ISS has recommended shareholders “Withhold” votes for the election of Janet Cowell, Jerry R. Masters and Ollie L. Sherman as a Class II Directors. (Proposal 1a, 1b and 1c on the Proxy Card.) The Company believes shareholders are better served by “For” votes for these directors.
James River Group Holdings, Ltd. is an entrepreneurial company that has created above industry average returns for shareholders by:
· | Earning underwriting profits from specialty classes of low volatility insurance risks; |
· | Growing prudently by addressing new opportunities in the market; |
· | Maintaining a strong balance sheet; |
· | Returning excess capital to shareholders prudently; and |
· | Making selected, opportunistic investments that boost investment returns and contribute meaningfully to the Company’s total return. |
For the full year ended December 2018, James River Group Holdings, Ltd., earned an Operating Return on Tangible Equity of 14.8%, a Combined Ratio of 96.6%, and grew Operating Income over 48% from the same metric in 2017.
Ms. Cowell and Messrs. Masters and Sherman have been and continue to be instrumental in accomplishing these goals.

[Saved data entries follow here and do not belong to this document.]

lemma path_start_peel:
  assumes G: "simple_graph V E" and \<sigma>: "path_cycle_map E D \<sigma>" and v: "v \<in> D" "v \<notin> \<sigma> ` D"
  shows "\<exists>R P. R \<subseteq> D \<and> R \<noteq> {} \<and> P \<subseteq> E \<and> (2 * k + 1) * card P \<le> (k + 1) * card R
    \<and> D \<inter> \<sigma> ` D \<subseteq> (D - R) \<inter> \<sigma> ` (D - R) \<union> \<Union>P"
proof (cases "\<sigma> v \<in> D")
  case False
  have "D \<inter> \<sigma> ` D \<subseteq> (D - {v}) \<inter> \<sigma> ` (D - {v})"
  proof
    fix x assume "x \<in> D \<inter> \<sigma> ` D"
    then obtain y where "x \<in> D" "y \<in> D" "x = \<sigma> y" by blast
    moreover from calculation have "x \<noteq> v" "y \<noteq> v" using v False by auto
    ultimately show "x \<in> (D - {v}) \<inter> \<sigma> ` (D - {v})" by blast
  qed
  then show ?thesis using v by (intro exI[of _ "{v}"] exI[of _ "{}"]) auto
next
  case True
  have edge: "{\<sigma> v, \<sigma> (\<sigma> v)} \<in> E" using \<sigma> True unfolding path_cycle_map_def by blast
  have "\<sigma> v \<noteq> v" using \<sigma> v(1) simple_graph_no_loop[OF G, of v]
    unfolding path_cycle_map_def by force
  then have "(2 * k + 1) * card {{\<sigma> v, \<sigma> (\<sigma> v)}} \<le> (k + 1) * card {v, \<sigma> v}"
    by (simp add: eq_commute[of v])
  moreover have "D \<inter> \<sigma> ` D \<subseteq> (D - {v, \<sigma> v}) \<inter> \<sigma> ` (D - {v, \<sigma> v}) \<union> \<Union>{{\<sigma> v, \<sigma> (\<sigma> v)}}"
  proof
    fix x assume "x \<in> D \<inter> \<sigma> ` D"
    then obtain y where "x \<in> D" "y \<in> D" "x = \<sigma> y" by blast
    moreover from calculation have "x \<noteq> v" using v by auto
    ultimately show "x \<in> (D - {v, \<sigma> v}) \<inter> \<sigma> ` (D - {v, \<sigma> v}) \<union> \<Union>{{\<sigma> v, \<sigma> (\<sigma> v)}}"
      by (cases "y = v \<or> y = \<sigma> v") auto
  qed
  ultimately show ?thesis using v(1) True edge
    by (intro exI[of _ "{v, \<sigma> v}"] exI[of _ "{{\<sigma> v, \<sigma> (\<sigma> v)}}"]) auto
qed

lemma cycle_peel:
  assumes G: "simple_graph V E"
    and girth: "odd_cycles_at_least E (2 * k + 1)"
    and "finite D" and \<sigma>: "path_cycle_map E D \<sigma>" and closed: "\<sigma> ` D = D" and v: "v \<in> D"
  shows "\<exists>R P. R \<subseteq> D \<and> R \<noteq> {} \<and> P \<subseteq> E \<and> (2 * k + 1) * card P \<le> (k + 1) * card R
    \<and> D \<inter> \<sigma> ` D \<subseteq> (D - R) \<inter> \<sigma> ` (D - R) \<union> \<Union>P"
proof -
  have "v \<in> orbit \<sigma> v"
    using assms(3) \<sigma> closed v unfolding path_cycle_map_def by (intro self_in_orbit_if_inj_on) auto
  have orbit_D: "orbit \<sigma> v \<subseteq> D"
  proof
    fix x assume "x \<in> orbit \<sigma> v"
    then show "x \<in> D" using closed v by (induction rule: orbit.induct) auto
  qed
  then have "\<forall>x\<in>orbit \<sigma> v. {x, \<sigma> x} \<in> E" using \<sigma> unfolding path_cycle_map_def by blast
  from orbit_edge_cover[OF G girth \<open>v \<in> orbit \<sigma> v\<close> this] obtain P
    where P: "P \<subseteq> E" "orbit \<sigma> v \<subseteq> \<Union>P" "(2 * k + 1) * card P \<le> (k + 1) * card (orbit \<sigma> v)"
    by blast
  moreover have "D \<inter> \<sigma> ` D \<subseteq> (D - orbit \<sigma> v) \<inter> \<sigma> ` (D - orbit \<sigma> v) \<union> \<Union>P"
  proof
    fix x assume "x \<in> D \<inter> \<sigma> ` D"
    then obtain y where "x \<in> D" "y \<in> D" "x = \<sigma> y" by blast
    moreover have "x \<in> orbit \<sigma> v" if "y \<in> orbit \<sigma> v" using that \<open>x = \<sigma> y\<close> by (simp add: orbit.step)
    ultimately show "x \<in> (D - orbit \<sigma> v) \<inter> \<sigma> ` (D - orbit \<sigma> v) \<union> \<Union>P" using P(2) by blast
  qed
  ultimately show ?thesis using orbit_D orbit_nonempty[of \<sigma> v] by blast
qed
lemma CDE_dual_order_ideals:
  assumes "finite_poset P le" "CDE (order_ideals P le) incl"
  shows "CDE (order_ideals P le) (dual_rel incl)"
proof -
  have "finite (order_ideals P le)"
    using assms(1) by (simp add: finite_poset_def finite_order_ideals)
  then show ?thesis
    using assms unfolding CDE_def maxchain_dist_dual_rel
    by (simp add: toggle_symmetric_expect_ddeg toggle_symmetric_maxchain_dist expect_uni_ddeg_dual_rel)
qed

lemma mCDE_dual_order_ideals:
  assumes "finite_poset P le" "mCDE (order_ideals P le) incl"
  shows "mCDE (order_ideals P le) (dual_rel incl)"
proof -
  have "finite (order_ideals P le)"
    using assms(1) by (simp add: finite_poset_def finite_order_ideals)
  then show ?thesis
    using assms unfolding mCDE_def chain_dist_dual_rel chain_length_dual_rel
    by (simp add: toggle_symmetric_expect_ddeg toggle_symmetric_chain_dist expect_uni_ddeg_dual_rel)
qed

subsection \<open>tCDE\<close>

lemma finite_poset_dual_rel: "finite_poset P le \<Longrightarrow> finite_poset P (dual_rel le)"
  unfolding finite_poset_def dual_rel_def by blast

lemma expect_cong: "(\<And>x. x \<in> X \<Longrightarrow> f x = g x) \<Longrightarrow> expect X \<mu> f = expect X \<mu> g"
  by (simp add: expect_def)

lemma expect_compl_order_ideals:
  "expect (order_ideals P (dual_rel le)) \<mu> f
     = expect (order_ideals P le) (\<lambda>I. \<mu> (P - I)) (\<lambda>I. f (P - I))"
  unfolding expect_def by (rule sum.reindex_bij_betw[OF bij_betw_compl_order_ideals, symmetric])

lemma toggle_symmetric_compl:
  assumes "toggle_symmetric P (dual_rel le) \<mu>"
  shows "toggle_symmetric P le (\<lambda>I. \<mu> (P - I))"
  unfolding toggle_symmetric_def
proof
  fix p assume "p \<in> P"
  let ?X = "order_ideals P le" and ?Y = "order_ideals P (dual_rel le)"
  have "expect ?X (\<lambda>I. \<mu> (P - I)) (toggle_plus P le p)
      = expect ?Y \<mu> (toggle_minus P (dual_rel le) p)"
    unfolding expect_compl_order_ideals
    by (rule expect_cong) (simp add: toggle_plus_eq toggle_minus_eq removable_dual_rel_compl)
  also have "\<dots> = expect ?Y \<mu> (toggle_plus P (dual_rel le) p)"
    using assms \<open>p \<in> P\<close> by (simp add: toggle_symmetric_def)
  also have "\<dots> = expect ?X (\<lambda>I. \<mu> (P - I)) (toggle_minus P le p)"
    unfolding expect_compl_order_ideals
    by (rule expect_cong)
      (simp add: toggle_plus_eq toggle_minus_eq addable_dual_rel_compl order_ideals_subset)
  finally show "expect ?X (\<lambda>I. \<mu> (P - I)) (toggle_plus P le p)
      = expect ?X (\<lambda>I. \<mu> (P - I)) (toggle_minus P le p)" .
qed

lemma is_distribution_compl:
  assumes "is_distribution (order_ideals P (dual_rel le)) \<mu>"
  shows "is_distribution (order_ideals P le) (\<lambda>I. \<mu> (P - I))"
  using assms compl_order_ideal[of _ P le]
    sum.reindex_bij_betw[OF bij_betw_compl_order_ideals[of P le], of \<mu>]
  by (simp add: is_distribution_def)

lemma ddeg_compl_order_ideals:
  assumes "finite_poset P le" "I \<in> order_ideals P le"
  shows "ddeg (order_ideals P (dual_rel le)) incl (P - I) = ddeg (order_ideals P le) (dual_rel incl) I"
  using ddeg_order_ideals[OF finite_poset_dual_rel[OF assms(1)] compl_order_ideal[OF assms(2)]]
    ddeg_dual_order_ideals[OF assms]
  by (simp add: removable_dual_rel_compl)

lemma tCDE_dual_rel:
  assumes fp: "finite_poset P le" and tCDE: "tCDE P le"
  shows "tCDE P (dual_rel le)"
  unfolding tCDE_def
proof (intro allI impI, elim conjE)
  let ?X = "order_ideals P le" and ?Y = "order_ideals P (dual_rel le)"
  fix \<mu> assume dist: "is_distribution ?Y \<mu>" and sym: "toggle_symmetric P (dual_rel le) \<mu>"
  have finite_X: "finite ?X" using fp by (simp add: finite_poset_def finite_order_ideals)
  have uni: "(\<lambda>I. uni ?Y (P - I)) = uni ?X"
    using bij_betw_same_card[OF bij_betw_compl_order_ideals[of P le]] by (simp add: uni_def fun_eq_iff)
  have "expect ?Y \<mu> (ddeg_fun ?Y incl) = expect ?X (\<lambda>I. \<mu> (P - I)) (ddeg_fun ?X (dual_rel incl))"
    unfolding expect_compl_order_ideals
    by (rule expect_cong) (simp add: ddeg_fun_def ddeg_compl_order_ideals[OF fp])
  also have "\<dots> = expect ?X (\<lambda>I. \<mu> (P - I)) (ddeg_fun ?X incl)"
    using toggle_symmetric_expect_ddeg[OF fp toggle_symmetric_compl[OF sym]] .
  also have "\<dots> = expect ?X (uni ?X) (ddeg_fun ?X incl)"
    using tCDE is_distribution_compl[OF dist] toggle_symmetric_compl[OF sym] by (simp add: tCDE_def)
  also have "\<dots> = expect ?X (uni ?X) (ddeg_fun ?X (dual_rel incl))"
    using expect_uni_ddeg_dual_rel[OF finite_X] by simp
  also have "\<dots> = expect ?Y (uni ?Y) (ddeg_fun ?Y incl)"
    unfolding expect_compl_order_ideals uni
    by (rule expect_cong) (simp add: ddeg_fun_def ddeg_compl_order_ideals[OF fp])
  finally show "expect ?Y \<mu> (ddeg_fun ?Y incl) = expect ?Y (uni ?Y) (ddeg_fun ?Y incl)" .
qed

theorem proposition3p5:
  fixes P :: "'a set" and le :: "'a \<Rightarrow> 'a \<Rightarrow> bool"
  assumes "finite_poset P le"
  shows "(CDE (order_ideals P le) incl \<longrightarrow> CDE (order_ideals P le) (dual_rel incl))
       \<and> (mCDE (order_ideals P le) incl \<longrightarrow> mCDE (order_ideals P le) (dual_rel incl))
       \<and> (tCDE P le \<longrightarrow> tCDE P (dual_rel le))"
  using CDE_dual_order_ideals[OF assms] mCDE_dual_order_ideals[OF assms] tCDE_dual_rel[OF assms]
  by blast

end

James River Group Holdings, Ltd. made its Initial Public Offering (“IPO”) in December of 2014. In constituting its Board of Directors (the “Board”), the Company has sought to maintain its entrepreneurial roots while embracing independent and transparent governance. Ms. Cowell and Messrs. Masters and Sherman serve as Independent Directors on the Board, where their leadership, strategic thinking and knowledge of the operations of the Company are highly valuable. Ms. Cowell and Messrs. Masters and Sherman provide oversight independent of the Company’s management, which is of particular importance to the Audit Committee of the Board (the “Audit Committee”), of which they are all members. Their extensive experience in the fields of finance, accounting and/or actuarial science qualify all three of these Directors as “Audit Committee Financial Experts” as defined under the rules of the Securities and Exchange Commission, which is also of critical importance to the Audit Committee. Mr. Masters also serves as a member of the Board’s Compensation Committee, where his knowledge of the Company and his independence from management are of great benefit to the Company. Ms. Cowell also serves as a member of the Board’s Investment Committee, where her extensive background in the investment industry contributes significantly to the governance of the Company’s investment function.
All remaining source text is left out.